Haha sorry for the non mining terminology. "Thump can" is an old moonshiners term for basically a booze scrubber. After the ethanol gas was produced from the still it was piped into a barrel filled with water and exhausted out another pipe directed to the condenser or "worm". The distillate would be "scrubbed". Realistically the thump can allowed the distillate to cool slightly allowing for much better condensation and partial removal of methanol.
I'm not sure in refining lingo what it would be called. My idea was to " bubble" my discharged gasses I to a tub or bucket of water hopefully keeping the air clean and my neighbors ignorant of my interests. I'm glad there is easier ways to take care of this. I can also do open roasts out camping. 
I could some pretty neat ore yesterday that I need to post a pic of. It might be calcocite! My specimen is heavy chalcopyrite with some masses and grains that are deep purple and black. 
Oh its off topic, but I figured someone might appreciate it.
This pic is gold from a benched placer. 1.28 grams sluiced out of three 5 gallon buckets! Richest ground I've seen, too bad I got it all!


----------



## Grelko (Dec 30, 2015)

Ah ok, a thump can should be the same as a scrubber or "water trap".

That's nice for three 5 gallon buckets, I'm sure you'll find more soon. I only get "flour gold" from the creek near my area, and it's about 10 particles per bucket. I get more gold from 1 N/S bridge, but it's still fun panning.

Edit - reworded


----------



## Eamonn (Dec 30, 2015)

Cheers for the explanation of terms. I know a bit more now.

"Super fly poops" good name for a band.


----------



## Harold_V (Dec 31, 2015)

grizzlygremlin said:


> I'm fixing to roast the con's off in a little wood burning foundry that I use to melt my scrap aluminum.


Blink! Blink!

Say what?

Do you understand what the word foundry means? 

Didn't think so. 

Please accept my comments in the spirit in which they are offered. 

A foundry is a factory that produces metal castings.

I expect that what you're trying to say is that you'll use a little wood burning ****furnace****, which is not to be confused with a foundry. In a foundry one will find a furnace, or more, but where one finds a furnace there may not be a foundry. 

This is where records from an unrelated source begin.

(* Assume there exist $K\ge1$ and Markov reference policies with densities $\bar\pi_i(x,\cdot)$ w.r.t. $\lambda_{\mathbb A}$, $i\in[n]$, such that $\frac1K\le\frac{\bar\pi_i(x,a)}{\pi_i^*(x,\mathbf o_{i-1};a)}\le K$ for all $(x,\mathbf o_{i-1},a)$ and $i$. Assume (LN): $0<\|\sigma\|_{(n)}<\infty$ and $\sqrt n\,\delta(x,a)\ge\frac{|g(x,a)|\sigma^2(x,a)}{\bar\pi_i(x,a)\|\sigma\|_{(n)}}$ for all $(x,a,i)\in\mathbb X\times\mathbb A\times[n]$. Then $$\mathcal M_n(\mathcal C_\delta(\mathcal I^* ))\ge\frac1{8K^4}\cdot\frac{\|\sigma\|_{(n)}^2}{n}.$$
   Context: Setup. Let $(\mathbb X,\lambda_{\mathbb X})$, $(\mathbb A,\lambda_{\mathbb A})$ be measurable spaces with $\sigma$-finite measures, $\mathbb Y=\mathbb R$ with Lebesgue measure, $\mathbb O:=\mathbb X\times\mathbb A\times\mathbb Y$. A problem instance is $\mathcal I=(\Xi,\Gamma)$, $\Xi$ a probability measure on $\mathbb X$, $\Gamma$ a Markov kernel from $\mathbb X\times\mathbb A$ to $\mathbb Y$ with finite means $\mu(\Gamma)(x,a):=\int y\,\Gamma(dy\mid x,a)$. Fixed known behavioral policies (the same for every instance) have densities $\pi_i^*(x,\mathbf o_{i-1};\cdot)$ w.r.t. $\lambda_{\mathbb A}$. Under $\mathcal I$ data $\mathbf O_n=(X_1,A_1,Y_1,\dots,X_n,A_n,Y_n)$ are generated sequentially: $X_i\sim\Xi$ independently of $\mathbf O_{i-1}$ (first $i-1$ triples); $A_i\mid(X_i,\mathbf O_{i-1})$ has density $\pi_i^*(X_i,\mathbf O_{i-1};\cdot)$; $Y_i\mid(X_i,A_i,\mathbf O_{i-1})\sim\Gamma(\cdot\mid X_i,A_i)$. $g:\mathbb X\times\mathbb A\to\mathbb R$ is a given evaluation function, $\langle f,h\rangle_{\lambda_{\mathbb A}}:=\int fh\,d\lambda_{\mathbb A}$, $\tau(\mathcal I):=\mathbb E_{X\sim\Xi}[\langle g(X,\cdot),\mu(\Gamma)(X,\cdot)\rangle_{\lambda_{\mathbb A}}]$. True instance $\mathcal I^*=(\Xi^*,\Gamma^* )$, $\mu^*:=\mu(\Gamma^* )$, $\sigma^2(x,a):=\int(y-\mu^*(x,a))^2\Gamma^*(dy\mid x,a)<\infty$. $\|\sigma\|_{(n)}^2:=\frac1n\sum_{i=1}^n\mathbb E_{\mathcal I^*}[g^2(X_i,A_i)\sigma^2(X_i,A_i)/(\pi_i^* )^2(X_i,\mathbf O_{i-1};A_i)]$. For $\delta:\mathbb X\times\mathbb A\to\mathbb R_+$: $\mathcal N(\Xi^* ):=\{\Xi:\mathrm{KL}(\Xi\|\Xi^* )\le1/n\}$, $\mathcal N_\delta(\Gamma^* ):=\{\Gamma:|\mu(\Gamma)(x,a)-\mu^*(x,a)|\le\delta(x,a)\ \forall(x,a)\}$, $\mathcal C_\delta(\mathcal I^* ):=\mathcal N(\Xi^* )\times\mathcal N_\delta(\Gamma^* )$. Local minimax risk: $\mathcal M_n(\mathcal C_\delta(\mathcal I^* )):=\inf_{\hat\tau_n}\sup_{\mathcal I\in\mathcal C_\delta(\mathcal I^* )}\mathbb E_{\mathcal I}[\{\hat\tau_n(\mathbf O_n)-\tau(\mathcal I)\}^2]$, the infimum over all measurable $\hat\tau_n:\mathbb O^n\to\mathbb R$. *)

theory Defs
  imports "HOL-Probability.Probability"
begin

text \<open>Data O_n and histories O_{i} are represented as extensional functions on the
  index set {..<k}, i.e. elements of the product measure space below.
  Indices are 0-based: the paper's round i (1..n) is our round i-1, and the
  history O_{i-1} passed to the policy of the paper's round i is an element of
  hist_space MX MA (i-1).\<close>

definition obs_space :: "'x measure \<Rightarrow> 'a measure \<Rightarrow> ('x \<times> 'a \<times> real) measure" where
  "obs_space MX MA = MX \<Otimes>\<^sub>M (MA \<Otimes>\<^sub>M (borel :: real measure))"

definition hist_space :: "'x measure \<Rightarrow> 'a measure \<Rightarrow> nat \<Rightarrow> (nat \<Rightarrow> 'x \<times> 'a \<times> real) measure" where
  "hist_space MX MA k = PiM {..<k} (\<lambda>_. obs_space MX MA)"

text \<open>pol k x h a is the density (w.r.t. MA) of the behavioural policy of round k
  (0-based) at context x and history h (first k triples).\<close>

fun data_law :: "'x measure \<Rightarrow> 'a measure \<Rightarrow> (nat \<Rightarrow> 'x \<Rightarrow> (nat \<Rightarrow> 'x \<times> 'a \<times> real) \<Rightarrow> 'a \<Rightarrow> real)
    \<Rightarrow> 'x measure \<Rightarrow> ('x \<Rightarrow> 'a \<Rightarrow> real measure) \<Rightarrow> nat \<Rightarrow> (nat \<Rightarrow> 'x \<times> 'a \<times> real) measure" where
  "data_law MX MA pol Xi Gam 0 = return (hist_space MX MA 0) (\<lambda>_. undefined)"
| "data_law MX MA pol Xi Gam (Suc k) =
     data_law MX MA pol Xi Gam k \<bind> (\<lambda>h.
       Xi \<bind> (\<lambda>x.
         density MA (\<lambda>a. ennreal (pol k x h a)) \<bind> (\<lambda>a.
           Gam x a \<bind> (\<lambda>y. return (hist_space MX MA (Suc k)) (h(k := (x, a, y)))))))"

definition cond_mean :: "('x \<Rightarrow> 'a \<Rightarrow> real measure) \<Rightarrow> 'x \<Rightarrow> 'a \<Rightarrow> real" where
  "cond_mean Gam x a = (\<integral>y. y \<partial>(Gam x a))"

definition is_instance :: "'x measure \<Rightarrow> 'a measure \<Rightarrow> 'x measure \<Rightarrow> ('x \<Rightarrow> 'a \<Rightarrow> real measure) \<Rightarrow> bool" where
  "is_instance MX MA Xi Gam \<longleftrightarrow>
     prob_space Xi \<and> sets Xi = sets MX \<and>
     (\<lambda>(x, a). Gam x a) \<in> MX \<Otimes>\<^sub>M MA \<rightarrow>\<^sub>M prob_algebra (borel :: real measure) \<and>
     (\<forall>x\<in>space MX. \<forall>a\<in>space MA. integrable (Gam x a) (\<lambda>y. y))"

definition tau :: "'a measure \<Rightarrow> ('x \<Rightarrow> 'a \<Rightarrow> real) \<Rightarrow> 'x measure \<Rightarrow> ('x \<Rightarrow> 'a \<Rightarrow> real measure) \<Rightarrow> real" where
  "tau MA g Xi Gam = (\<integral>x. (\<integral>a. g x a * cond_mean Gam x a \<partial>MA) \<partial>Xi)"

definition tau_defined :: "'a measure \<Rightarrow> ('x \<Rightarrow> 'a \<Rightarrow> real) \<Rightarrow> 'x measure \<Rightarrow> ('x \<Rightarrow> 'a \<Rightarrow> real measure) \<Rightarrow> bool" where
  "tau_defined MA g Xi Gam \<longleftrightarrow>
     (AE x in Xi. integrable MA (\<lambda>a. g x a * cond_mean Gam x a)) \<and>
     integrable Xi (\<lambda>x. \<integral>a. g x a * cond_mean Gam x a \<partial>MA)"

text \<open>KL(P || Q) <= c, with natural logarithm; KL(P || Q) = +infinity unless P << Q and the
  log-density is P-integrable.  KL_divergence b Q P is the library's
  integral of log_b (dP/dQ) w.r.t. P.\<close>

definition KL_le :: "'x measure \<Rightarrow> 'x measure \<Rightarrow> real \<Rightarrow> bool" where
  "KL_le P Q c \<longleftrightarrow>
     absolutely_continuous Q P \<and>
     integrable P (\<lambda>x. ln (enn2real (RN_deriv Q P x))) \<and>
     KL_divergence (exp 1) Q P \<le> c"

definition local_class :: "'x measure \<Rightarrow> 'a measure \<Rightarrow> ('x \<Rightarrow> 'a \<Rightarrow> real) \<Rightarrow> nat
    \<Rightarrow> ('x \<Rightarrow> 'a \<Rightarrow> real) \<Rightarrow> 'x measure \<Rightarrow> ('x \<Rightarrow> 'a \<Rightarrow> real measure)
    \<Rightarrow> ('x measure \<times> ('x \<Rightarrow> 'a \<Rightarrow> real measure)) set" where
  "local_class MX MA g n \<delta> Xis Gams =
     {(Xi, Gam). is_instance MX MA Xi Gam \<and> tau_defined MA g Xi Gam \<and>
        KL_le Xi Xis (1 / real n) \<and>
        (\<forall>x\<in>space MX. \<forall>a\<in>space MA. \<bar>cond_mean Gam x a - cond_mean Gams x a\<bar> \<le> \<delta> x a)}"

definition local_minimax :: "'x measure \<Rightarrow> 'a measure \<Rightarrow> (nat \<Rightarrow> 'x \<Rightarrow> (nat \<Rightarrow> 'x \<times> 'a \<times> real) \<Rightarrow> 'a \<Rightarrow> real)
    \<Rightarrow> ('x \<Rightarrow> 'a \<Rightarrow> real) \<Rightarrow> nat
    \<Rightarrow> ('x measure \<times> ('x \<Rightarrow> 'a \<Rightarrow> real measure)) set \<Rightarrow> ennreal" where
  "local_minimax MX MA pol g n C =
     (INF est \<in> borel_measurable (hist_space MX MA n).
        SUP I \<in> C. \<integral>\<^sup>+ \<omega>. ennreal ((est \<omega> - tau MA g (fst I) (snd I))\<^sup>2)
                          \<partial>data_law MX MA pol (fst I) (snd I) n)"

definition noise_var :: "('x \<Rightarrow> 'a \<Rightarrow> real measure) \<Rightarrow> 'x \<Rightarrow> 'a \<Rightarrow> real" where
  "noise_var Gam x a = (\<integral>y. (y - cond_mean Gam x a)\<^sup>2 \<partial>(Gam x a))"

definition sigma_norm_sq :: "'x measure \<Rightarrow> 'a measure \<Rightarrow> (nat \<Rightarrow> 'x \<Rightarrow> (nat \<Rightarrow> 'x \<times> 'a \<times> real) \<Rightarrow> 'a \<Rightarrow> real)
    \<Rightarrow> ('x \<Rightarrow> 'a \<Rightarrow> real) \<Rightarrow> nat \<Rightarrow> 'x measure \<Rightarrow> ('x \<Rightarrow> 'a \<Rightarrow> real measure) \<Rightarrow> ennreal" where
  "sigma_norm_sq MX MA pol g n Xis Gams =
     ennreal (1 / real n) *
       (\<Sum>i<n. \<integral>\<^sup>+ \<omega>. ennreal ((g (fst (\<omega> i)) (fst (snd (\<omega> i))))\<^sup>2
                                * noise_var Gams (fst (\<omega> i)) (fst (snd (\<omega> i)))
                                / (pol i (fst (\<omega> i)) (restrict \<omega> {..<i}) (fst (snd (\<omega> i))))\<^sup>2)
                  \<partial>data_law MX MA pol Xis Gams n)"

end

theory Submission
  imports Defs
begin

(*
  Le Cam's two-point method.  Fix a round i whose inverse-propensity-weighted term
  E[g^2 sigma^2 / pi_i^2] is at least the average ||sigma||_(n)^2, and perturb every outcome law
  Gamma*(x, a) by mixing in, with weight eps = 1/(2n), a point mass that shifts its mean by
  s = g sigma^2 / (pibar_i ||sigma||_(n) sqrt n); condition (LN) says exactly |s| <= delta.
  The perturbed kernel dominates (1 - eps) Gamma*, so the law of the n observations dominates
  (1 - eps)^n >= 1/2 times the original one, while tau moves by
  Delta = E_X <g^2 sigma^2 / pibar_i> / (||sigma||_(n) sqrt n) >= ||sigma||_(n) / (K sqrt n),
  because pibar_i <= K pi_i.  The two-point inequality bounds the minimax risk below by
  Delta^2 / 6 >= ||sigma||_(n)^2 / (6 K^2 n), which exceeds the claimed bound since K >= 1.
*)

lemma prob_space_density:
  assumes "f \<in> borel_measurable M" "(\<integral>\<^sup>+ x. f x \<partial>M) = 1"
  shows "prob_space (density M f)"
proof (rule prob_spaceI)
  have "(\<integral>\<^sup>+x. f x * indicator (space M) x \<partial>M) = (\<integral>\<^sup>+ x. f x \<partial>M)"
    by (rule nn_integral_cong) simp
  then show "emeasure (density M f) (space (density M f)) = 1"
    using assms by (simp add: emeasure_density)
qed

lemma measurable_density_prob_algebra:
  fixes f :: "'p \<Rightarrow> 'b \<Rightarrow> ennreal"
  assumes sf: "sigma_finite_measure M"
    and f: "(\<lambda>(p, y). f p y) \<in> borel_measurable (N \<Otimes>\<^sub>M M)"
    and one: "\<And>p. p \<in> space N \<Longrightarrow> (\<integral>\<^sup>+y. f p y \<partial>M) = 1"
  shows "(\<lambda>p. density M (f p)) \<in> N \<rightarrow>\<^sub>M prob_algebra M"
proof (rule measurable_prob_algebraI)
  have sec: "f p \<in> borel_measurable M" if "p \<in> space N" for p
    using measurable_Pair2[OF f that] by simp
  show prob: "prob_space (density M (f p))" if "p \<in> space N" for p
    using prob_space_density[OF sec[OF that] one[OF that]] .
  show "(\<lambda>p. density M (f p)) \<in> N \<rightarrow>\<^sub>M subprob_algebra M"
  proof (rule measurable_subprob_algebra)
    show "subprob_space (density M (f p))" if "p \<in> space N" for p
      using prob[OF that] by (rule prob_space_imp_subprob_space)
    show "sets (density M (f p)) = sets M" for p
      by simp
    fix A assume A: "A \<in> sets M"
    have "(\<lambda>(p, y). f p y * indicator A y) \<in> borel_measurable (N \<Otimes>\<^sub>M M)"
      using f A by measurable
    then have "(\<lambda>p. \<integral>\<^sup>+y. f p y * indicator A y \<partial>M) \<in> borel_measurable N"
      by (rule sigma_finite_measure.borel_measurable_nn_integral[OF sf])
    then show "(\<lambda>p. emeasure (density M (f p)) A) \<in> borel_measurable N"
      by (rule measurable_cong[THEN iffD1, rotated]) (simp add: emeasure_density sec A)
  qed
qed

lemma enn2real_convex_combination:
  assumes "0 \<le> e" "e \<le> 1" "P1 < \<infinity>" "P2 < \<infinity>"
  shows "enn2real (ennreal e * P1 + ennreal (1 - e) * P2) = e * enn2real P1 + (1 - e) * enn2real P2"
  using assms by (simp add: enn2real_plus enn2real_mult ennreal_mult_less_top)

definition bernoulli_mixture :: "real \<Rightarrow> real measure \<Rightarrow> real measure \<Rightarrow> real measure" where
  "bernoulli_mixture e N1 N2 = measure_pmf (bernoulli_pmf e) \<bind> (\<lambda>b. if b then N1 else N2)"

I make mention because I abhor the misuse of words, especially on this board, where one mistake can lead to disaster for others. Here, we try to be precise, so others don't pick up bad habits. 

Harold


----------



## beav3r316 (Dec 31, 2015)

grizzlygremlin said:


> ..... utilizing everything I can.
> Long story short, I'm looking for a down n dirty to keep my So2. Obviously sulfuric acid is what I'm after.
> My idea is to use my foundry sort of like a still for distillation. Since So2 is soluable in water could I set up a duct fan over my foundry to pull the fumes into some vent ducting, then ....... ......I've heard of people collecting the stuff, but I haven't come across any info if it can be a simple process.



If you do have your heart set on making sulfuric acid, this may be of use to you.

I read this book about ten years ago, and just picked it back up because of some of the chemicals he made in it that are/can be used in refining.

Personally, a trip to the hardware store seems so much more practical. But, since it seems you are wanting to use what you have, maybe this could help shed some light.







Good luck to you sir


----------



## grizzlygremlin (Jan 11, 2016)

I'm on a few gold forums, and you guys are by far the most knowlegable people out there. Thanks for all the great advice!


----------